lemma emeasure_superlevel_less_if_weak_Lp_norm_less:
  assumes "0 < p" "0 < l" "0 < e"
    and norm: "weak_Lp_norm p E g < ennreal (l * e powr (1 / p))"
  shows "emeasure lebesgue {x\<in>E. l < \<bar>g x\<bar>} < ennreal e"
proof -
  define m where "m = emeasure lebesgue {x\<in>E. l < \<bar>g x\<bar>}"
  have "m \<noteq> \<infinity>"
    using norm weak_Lp_norm_eq_top[of l E g p] \<open>0 < l\<close> by (auto simp: m_def)
  have "ennreal l * enn_powr m (1 / p) < ennreal (l * e powr (1 / p))"
    using le_less_trans[OF weak_Lp_norm_ge[OF \<open>0 < l\<close>] norm] by (simp add: m_def)
  then have "l * enn2real m powr (1 / p) < l * e powr (1 / p)"
    using \<open>m \<noteq> \<infinity>\<close> assms by (simp add: enn_powr_def ennreal_less_iff flip: ennreal_mult)
  then have "enn2real m powr (1 / p) < e powr (1 / p)"
    using \<open>0 < l\<close> by simp
  then have "\<not> e \<le> enn2real m"
    using powr_mono2[of "1 / p" e "enn2real m"] assms by (auto simp: not_le[symmetric])
  with \<open>m \<noteq> \<infinity>\<close> show ?thesis
    by (simp add: m_def[symmetric] ennreal_less_iff[symmetric] less_top not_le)
qed

lemma cond1_imp_cond2:
  assumes "0 < p" and f: "f \<in> borel_measurable lebesgue"
    and F: "\<And>t. 0 < t \<Longrightarrow> F t \<in> borel_measurable lebesgue"
    and "cond1 p f F"
  shows "cond2 f F"
  unfolding cond2_def
proof (intro allI impI tendsto_zero_ennrealI)
  fix l e :: real assume "0 < l" "0 < e"
  then obtain A where A: "A \<in> sets lebesgue" "emeasure lebesgue A < ennreal (e / 2)"
    and lim: "((\<lambda>t. weak_Lp_norm p (UNIV - A) (\<lambda>x. f x - F t x)) \<longlongrightarrow> 0) (at_right 0)"
    using \<open>cond1 p f F\<close> unfolding cond1_def by (meson half_gt_zero)
  have "\<forall>\<^sub>F t in at_right 0. weak_Lp_norm p (UNIV - A) (\<lambda>x. f x - F t x) < ennreal (l * (e / 2) powr (1 / p))"
    using \<open>0 < l\<close> \<open>0 < e\<close> by (intro order_tendstoD(2)[OF lim]) simp
  with eventually_at_right_less
  show "\<forall>\<^sub>F t in at_right 0. emeasure lebesgue {x. l < \<bar>F t x - f x\<bar>} < ennreal e"
  proof eventually_elim
    case (elim t)
    let ?S = "{x\<in>UNIV - A. l < \<bar>f x - F t x\<bar>}"
    have S: "?S \<in> sets lebesgue"
      using f F[OF elim(1)] A(1) by measurable
    have "emeasure lebesgue {x. l < \<bar>F t x - f x\<bar>} \<le> emeasure lebesgue (A \<union> ?S)"
      using A(1) S by (intro emeasure_mono) (auto simp: abs_minus_commute)
    also have "\<dots> \<le> emeasure lebesgue A + emeasure lebesgue ?S"
      using A(1) S by (rule emeasure_subadditive)
    also have "\<dots> < ennreal (e / 2) + ennreal (e / 2)"
      using A(2) emeasure_superlevel_less_if_weak_Lp_norm_less[OF \<open>0 < p\<close> \<open>0 < l\<close> _ elim(2)] \<open>0 < e\<close>
      by (intro add_strict_mono) auto
    also have "\<dots> = ennreal e"
      using \<open>0 < e\<close> by (simp flip: ennreal_plus)
    finally show ?case .
  qed
qed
------------------------
• _Exercise details_:
A word-for-word copy of the data above is the goal, so set it all down again.

• _Solution to this task_:
lemma emeasure_superlevel_less_if_weak_Lp_norm_less:
  assumes "0 < p" "0 < l" "0 < e"
    and norm: "weak_Lp_norm p E g < ennreal (l * e powr (1 / p))"
  shows "emeasure lebesgue {x\<in>E. l < \<bar>g x\<bar>} < ennreal e"
proof -
  define m where "m = emeasure lebesgue {x\<in>E. l < \<bar>g x\<bar>}"
  have "m \<noteq> \<infinity>"
    using norm weak_Lp_norm_eq_top[of l E g p] \<open>0 < l\<close> by (auto simp: m_def)
  have "ennreal l * enn_powr m (1 / p) < ennreal (l * e powr (1 / p))"
    using le_less_trans[OF weak_Lp_norm_ge[OF \<open>0 < l\<close>] norm] by (simp add: m_def)
  then have "l * enn2real m powr (1 / p) < l * e powr (1 / p)"
    using \<open>m \<noteq> \<infinity>\<close> assms by (simp add: enn_powr_def ennreal_less_iff flip: ennreal_mult)
  then have "enn2real m powr (1 / p) < e powr (1 / p)"
    using \<open>0 < l\<close> by simp
  then have "\<not> e \<le> enn2real m"
    using powr_mono2[of "1 / p" e "enn2real m"] assms by (auto simp: not_le[symmetric])
  with \<open>m \<noteq> \<infinity>\<close> show ?thesis
    by (simp add: m_def[symmetric] ennreal_less_iff[symmetric] less_top not_le)
qed

lemma cond1_imp_cond2:
  assumes "0 < p" and f: "f \<in> borel_measurable lebesgue"
    and F: "\<And>t. 0 < t \<Longrightarrow> F t \<in> borel_measurable lebesgue"
    and "cond1 p f F"
  shows "cond2 f F"
  unfolding cond2_def
proof (intro allI impI tendsto_zero_ennrealI)
  fix l e :: real assume "0 < l" "0 < e"
  then obtain A where A: "A \<in> sets lebesgue" "emeasure lebesgue A < ennreal (e / 2)"
    and lim: "((\<lambda>t. weak_Lp_norm p (UNIV - A) (\<lambda>x. f x - F t x)) \<longlongrightarrow> 0) (at_right 0)"
    using \<open>cond1 p f F\<close> unfolding cond1_def by (meson half_gt_zero)
  have "\<forall>\<^sub>F t in at_right 0. weak_Lp_norm p (UNIV - A) (\<lambda>x. f x - F t x) < ennreal (l * (e / 2) powr (1 / p))"
    using \<open>0 < l\<close> \<open>0 < e\<close> by (intro order_tendstoD(2)[OF lim]) simp
  with eventually_at_right_less
  show "\<forall>\<^sub>F t in at_right 0. emeasure lebesgue {x. l < \<bar>F t x - f x\<bar>} < ennreal e"
  proof eventually_elim
    case (elim t)
    let ?S = "{x\<in>UNIV - A. l < \<bar>f x - F t x\<bar>}"
    have S: "?S \<in> sets lebesgue"
      using f F[OF elim(1)] A(1) by measurable
    have "emeasure lebesgue {x. l < \<bar>F t x - f x\<bar>} \<le> emeasure lebesgue (A \<union> ?S)"
      using A(1) S by (intro emeasure_mono) (auto simp: abs_minus_commute)
    also have "\<dots> \<le> emeasure lebesgue A + emeasure lebesgue ?S"
      using A(1) S by (rule emeasure_subadditive)
    also have "\<dots> < ennreal (e / 2) + ennreal (e / 2)"
      using A(2) emeasure_superlevel_less_if_weak_Lp_norm_less[OF \<open>0 < p\<close> \<open>0 < l\<close> _ elim(2)] \<open>0 < e\<close>
      by (intro add_strict_mono) auto
    also have "\<dots> = ennreal e"
      using \<open>0 < e\<close> by (simp flip: ennreal_plus)
    finally show ?case .
  qed
qed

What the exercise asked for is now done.